Wollt mal frgen wer da mitmacht,ich werd alle 3rennen fahren
link: www.bike-challenge.com


hab den link mal berichtigt...gruzz michael


----------



## Tjard (26. März 2004)

Hallo Racer,
ich fahre auch die komplette Serie mit 

Weißt du, ob es Rabatt gibt, wenn man alle 3 Rennen bucht?
Bist du schon mal eine der Strecken gefahren?

Bis dann
Tjard
PS: In der URL, die du angegeben hast ist ein kleiner Tippfehler 'a'


----------



## MTB-News.de




----------



## HeinerFD (26. März 2004)

Tjard schrieb:
			
		

> Hallo Racer,
> ...
> Bist du schon mal eine der Strecken gefahren?
> ...



Die drei Strecken dürften allesamt neu sein. Mir ist nicht bekannt, dass da schon eimal Marathons stattgefunden hätten.

btw: ich finde es ziemlich schade, dass es die Bike-Challenge nicht mehr als XC-Rennserie gibt. Kennt Ihr Alternativen im Bereich Hessen?

Heiner


----------



## Hugo (26. März 2004)

bin dabei
auch bei allen drei
rabatt gibts leider keinen, vielleicht bekommens die organisatoren nächstes jahr auf die reihe

ich hoff nur dass inschotten dieses jahr das wetter besser wird

fahrt ihr die kurzen oder langen?
ich werd die lange fahrn


----------



## SteffenScott (26. März 2004)

weis nich meine kondition is noch nich so dolle,das erste will ich eigentlich kurz fahren und die anderen lang,is dann mit der wetung wierder *******
also denk ich werd ich alle 3 lang fahren


----------



## racer89 (26. März 2004)

hi ich versth eins nit
schotten gejört doch zu storck challenge
http://www.bike-challenge.com/schotten.php
aber auch zum hessen cup
http://www.mtb-hessencup.de/index.php?loc=rod&cont=anm
kann das sein


----------



## Principia (26. März 2004)

racer89 schrieb:
			
		

> hi ich versth eins nit
> schotten gejört doch zu storck challenge
> http://www.bike-challenge.com/schotten.php
> aber auch zum hessen cup
> ...



Samstags der Hessen-MTB-Cup für Schüler/Jugend und der 1. Lauf zur BDR-Schüler-Sichtung 2004. 

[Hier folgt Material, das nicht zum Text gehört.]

(* Let $1<\alpha<\beta$ be real numbers and let $S_{\alpha,\beta}:=\{r\in\mathbb{Q}_{>0}: r\in(\beta^{-1},\alpha^{-1})\cup(\alpha,\beta)\}$. Then $$\chi(G(S_{\alpha,\beta}))\le \left\lceil \frac{\log\alpha\beta}{\log\alpha}\right\rceil.$$
   Context: For $R\subseteq\mathbb{Q}_{>0}\setminus\{1\}$, $G(R)$ is the graph with vertex set $\mathbb{N}=\{1,2,\dots\}$ and edge set $\{\{m,n\}: m/n\in R\}$. $\chi$ denotes chromatic number. *)

theory Defs
  imports Complex_Main "HOL-Library.Extended_Nat"
begin

definition ratio_edge :: "rat set \<Rightarrow> nat \<Rightarrow> nat \<Rightarrow> bool" where
  "ratio_edge R m n \<longleftrightarrow> m \<ge> 1 \<and> n \<ge> 1 \<and> (of_nat m / of_nat n :: rat) \<in> R"

definition ratio_colorable :: "rat set \<Rightarrow> nat \<Rightarrow> bool" where
  "ratio_colorable R k \<longleftrightarrow> (\<exists>c :: nat \<Rightarrow> nat.
      (\<forall>n\<ge>1. c n < k) \<and>
      (\<forall>m n. ratio_edge R m n \<or> ratio_edge R n m \<longrightarrow> c m \<noteq> c n))"

definition ratio_chi :: "rat set \<Rightarrow> enat" where
  "ratio_chi R = Inf {enat k | k. ratio_colorable R k}"

definition S_ab :: "real \<Rightarrow> real \<Rightarrow> rat set" where
  "S_ab \<alpha> \<beta> = {r. r > 0 \<and> ((1/\<beta> < of_rat r \<and> of_rat r < 1/\<alpha>) \<or> (\<alpha> < of_rat r \<and> of_rat r < \<beta>))}"

end

theory Submission
  imports Defs
begin

text \<open>Colour \<open>n\<close> by \<open>\<lfloor>log\<^sub>\<alpha> n\<rfloor> mod K\<close> with \<open>K = \<lceil>log\<^sub>\<alpha> (\<alpha>\<beta>)\<rceil>\<close>. If \<open>\<alpha> < m/n < \<beta>\<close>, then
  \<open>log\<^sub>\<alpha> m - log\<^sub>\<alpha> n\<close> lies in \<open>(1, log\<^sub>\<alpha> \<beta>)\<close>, so the integer parts differ by an integer
  in \<open>[1, K - 1]\<close>, which is not divisible by \<open>K\<close>. The ratios in \<open>(\<beta>\<^sup>-\<^sup>1, \<alpha>\<^sup>-\<^sup>1)\<close> give the same
  edges with the endpoints swapped.\<close>

lemma ratio_chi_le:
  assumes "ratio_colorable R k"
  shows "ratio_chi R \<le> enat k"
  using assms unfolding ratio_chi_def by (auto intro: Inf_lower)

lemma ratio_colorable_mod:
  fixes f :: "nat \<Rightarrow> int" and k :: nat
  assumes "k > 0"
    and gap: "\<And>m n. ratio_edge R m n \<Longrightarrow> 0 < \<bar>f m - f n\<bar> \<and> \<bar>f m - f n\<bar> < int k"
  shows "ratio_colorable R k"
  unfolding ratio_colorable_def
proof (intro exI[of _ "\<lambda>n. nat (f n mod int k)"] conjI allI impI)
  fix n :: nat
  show "nat (f n mod int k) < k" using \<open>k > 0\<close> by (simp add: nat_less_iff)
next
  fix m n
  assume "ratio_edge R m n \<or> ratio_edge R n m"
  then have "0 < \<bar>f m - f n\<bar>" "\<bar>f m - f n\<bar> < int k"
    using gap by (fastforce simp: abs_minus_commute)+
  then have "\<not> int k dvd f m - f n"
    using dvd_imp_le_int[of "f m - f n" "int k"] by auto
  moreover have "f m mod int k \<ge> 0" "f n mod int k \<ge> 0" using \<open>k > 0\<close> by simp_all
  ultimately show "nat (f m mod int k) \<noteq> nat (f n mod int k)"
    by (metis eq_nat_nat_iff mod_eq_dvd_iff)
qed

lemma floor_diff_bounds:
  fixes x y L :: real
  assumes "1 \<le> x - y" and "x - y + 1 \<le> L"
  shows "1 \<le> \<lfloor>x\<rfloor> - \<lfloor>y\<rfloor>" and "\<lfloor>x\<rfloor> - \<lfloor>y\<rfloor> < \<lceil>L\<rceil>"
  using assms by linarith+

lemma floor_log_diff_bounds:
  fixes a b x y :: real
  assumes "1 < a" "0 < x" "0 < y" "a < x / y" "x / y < b"
  shows "1 \<le> \<lfloor>log a x\<rfloor> - \<lfloor>log a y\<rfloor>" and "\<lfloor>log a x\<rfloor> - \<lfloor>log a y\<rfloor> < \<lceil>log a (a * b)\<rceil>"
proof -
  have "log a x - log a y = log a (x / y)" using assms by (simp add: log_divide)
  moreover have "1 < log a (x / y)" using assms by (simp add: log_less_iff)
  moreover have "log a (x / y) < log a b" using assms by simp
  moreover have "log a (a * b) = 1 + log a b" using assms by (simp add: log_mult)
  ultimately have "1 \<le> log a x - log a y" "log a x - log a y + 1 \<le> log a (a * b)"
    by linarith+
  then show "1 \<le> \<lfloor>log a x\<rfloor> - \<lfloor>log a y\<rfloor>" "\<lfloor>log a x\<rfloor> - \<lfloor>log a y\<rfloor> < \<lceil>log a (a * b)\<rceil>"
    by (rule floor_diff_bounds)+
qed

lemma ratio_edge_S_ab_cases:
  fixes \<alpha> \<beta> :: real
  assumes "ratio_edge (S_ab \<alpha> \<beta>) m n" and "0 < \<alpha>" and "0 < \<beta>"
  obtains "\<alpha> < real m / real n" "real m / real n < \<beta>"
    | "\<alpha> < real n / real m" "real n / real m < \<beta>"
proof -
  have "m \<ge> 1" "n \<ge> 1" and
    ratio: "1/\<beta> < real m / real n \<and> real m / real n < 1/\<alpha> \<or> \<alpha> < real m / real n \<and> real m / real n < \<beta>"
    using assms(1) unfolding ratio_edge_def S_ab_def by (auto simp: of_rat_divide)
  then have "0 < real m" "0 < real n" by simp_all
  then have "1/\<beta> < real m / real n \<longleftrightarrow> real n / real m < \<beta>"
    and "real m / real n < 1/\<alpha> \<longleftrightarrow> \<alpha> < real n / real m"
    using assms(2,3) by (simp_all add: field_simps)
  then show thesis using ratio that by blast
qed

theorem proposition2p2:
  fixes \<alpha> \<beta> :: real
  assumes "1 < \<alpha>" and "\<alpha> < \<beta>"
  shows "ratio_chi (S_ab \<alpha> \<beta>) \<le> enat (nat \<lceil>ln (\<alpha> * \<beta>) / ln \<alpha>\<rceil>)"
proof -
  let ?K = "\<lceil>log \<alpha> (\<alpha> * \<beta>)\<rceil>"
  have "1 < log \<alpha> (\<alpha> * \<beta>)" using assms by (simp add: log_mult)
  then have "nat ?K > 0" by linarith
  moreover have "0 < \<bar>\<lfloor>log \<alpha> m\<rfloor> - \<lfloor>log \<alpha> n\<rfloor>\<bar> \<and> \<bar>\<lfloor>log \<alpha> m\<rfloor> - \<lfloor>log \<alpha> n\<rfloor>\<bar> < int (nat ?K)"
    if edge: "ratio_edge (S_ab \<alpha> \<beta>) m n" for m n :: nat
  proof -
    have "m \<ge> 1" "n \<ge> 1" using edge by (simp_all add: ratio_edge_def)
    then have pos: "0 < real m" "0 < real n" by simp_all
    have "0 < \<alpha>" "0 < \<beta>" using assms by simp_all
    show ?thesis
    proof (rule ratio_edge_S_ab_cases[OF edge \<open>0 < \<alpha>\<close> \<open>0 < \<beta>\<close>])
      assume "\<alpha> < real m / real n" "real m / real n < \<beta>"
      from floor_log_diff_bounds[OF \<open>1 < \<alpha>\<close> pos this] show ?thesis by linarith
    next
      assume "\<alpha> < real n / real m" "real n / real m < \<beta>"
      from floor_log_diff_bounds[OF \<open>1 < \<alpha>\<close> pos(2,1) this] show ?thesis by linarith
    qed
  qed
  ultimately have "ratio_colorable (S_ab \<alpha> \<beta>) (nat ?K)"
    by (rule ratio_colorable_mod[where f = "\<lambda>n. \<lfloor>log \<alpha> (real n)\<rfloor>"])
  then show ?thesis by (simp add: ratio_chi_le log_def)
qed

end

Sonntags der VULKAN-MTB-MARATHON im Rahmen der Bike-Challenge 2004


----------



## racer89 (26. März 2004)

dann gibt es keine storck challega für cc


----------



## rapitty (26. März 2004)

..heftig hohes startgeld!!

wenn ich bis dahin wieder fit sein sollte, werd ich wohl trotzdem mitfahren.
hab mir letzte woche im urlaub auf mallorca ne achillodynie (achilles-sehnen-entzündung) zugezogen, könnte langwieriger werden, meinte mein doc...
is im moment essig mit training bzw. rennen :-(

ist es denn generell mögl. das erste rennen kurzdistanz und die anderen langdistanz zu fahren, oder muss ich mich für eine str.-länge entscheiden?


mfg
r.p.


----------



## tboy0709 (26. März 2004)

Ich bin auch bei allen dreien dabei und fahre die Langdistanzen.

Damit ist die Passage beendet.